» TASK TO CARRY OUT:
Take every line in the entries that includes the word "definition" and copy it.

» Excerpts from a dataset:
- Opening Delimiter -
(* Let $p$ be a prime, $m\ge 1$ and $r$ integers with $r^p\equiv 1 \pmod m$, and let $G=\langle x, y\mid x^p=y^m=1,\ x^{-1}yx=y^r\rangle$ (so $G\cong C_p\ltimes C_m$ and $|G|=pm$). Assume that $p$ is the smallest prime divisor of $|G|$ and that $\gcd(p(r-1), m)=1$. Then $\mathsf d(G)=m+p-2$.
   Context: A sequence over a finite multiplicatively written group $G$ is a finite unordered list of elements of $G$ with repetition allowed; its length is the number of terms. For a sequence $S=g_1\cdot\ldots\cdot g_\ell$, $\pi(S)=\{g_{\tau(1)}\cdots g_{\tau(\ell)}:\tau \text{ a permutation of } [1,\ell]\}$. $S$ is product-one if $1\in\pi(S)$. The small Davenport constant $\mathsf d(G)$ is the maximal integer $\ell$ such that there is a sequence of length $\ell$ over $G$ having no nonempty product-one subsequence. *)

theory Defs
  imports "HOL-Algebra.Generated_Groups" "HOL-Library.Multiset" "HOL-Number_Theory.Cong"
begin

text \<open>Sequences over G are finite multisets of elements of the carrier.\<close>

definition list_prod :: "('a, 'b) monoid_scheme \<Rightarrow> 'a list \<Rightarrow> 'a" where
  "list_prod G xs = foldr (\<lambda>a b. a \<otimes>\<^bsub>G\<^esub> b) xs \<one>\<^bsub>G\<^esub>"

definition product_one :: "('a, 'b) monoid_scheme \<Rightarrow> 'a multiset \<Rightarrow> bool" where
  "product_one G S \<longleftrightarrow> (\<exists>xs. mset xs = S \<and> list_prod G xs = \<one>\<^bsub>G\<^esub>)"

definition product_one_free :: "('a, 'b) monoid_scheme \<Rightarrow> 'a multiset \<Rightarrow> bool" where
  "product_one_free G S \<longleftrightarrow> (\<forall>T. T \<subseteq># S \<and> T \<noteq> {#} \<longrightarrow> \<not> product_one G T)"

definition small_davenport :: "('a, 'b) monoid_scheme \<Rightarrow> nat" where
  "small_davenport G = (GREATEST l. \<exists>S. set_mset S \<subseteq> carrier G \<and> size S = l \<and> product_one_free G S)"

end

theory Submission
  imports Defs "HOL-Algebra.Multiplicative_Group"
begin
- Closing Delimiter -
» ANSWER TO THE EXERCISE:
definition list_prod :: "('a, 'b) monoid_scheme \<Rightarrow> 'a list \<Rightarrow> 'a" where
definition product_one :: "('a, 'b) monoid_scheme \<Rightarrow> 'a multiset \<Rightarrow> bool" where
definition product_one_free :: "('a, 'b) monoid_scheme \<Rightarrow> 'a multiset \<Rightarrow> bool" where
definition small_davenport :: "('a, 'b) monoid_scheme \<Rightarrow> nat" where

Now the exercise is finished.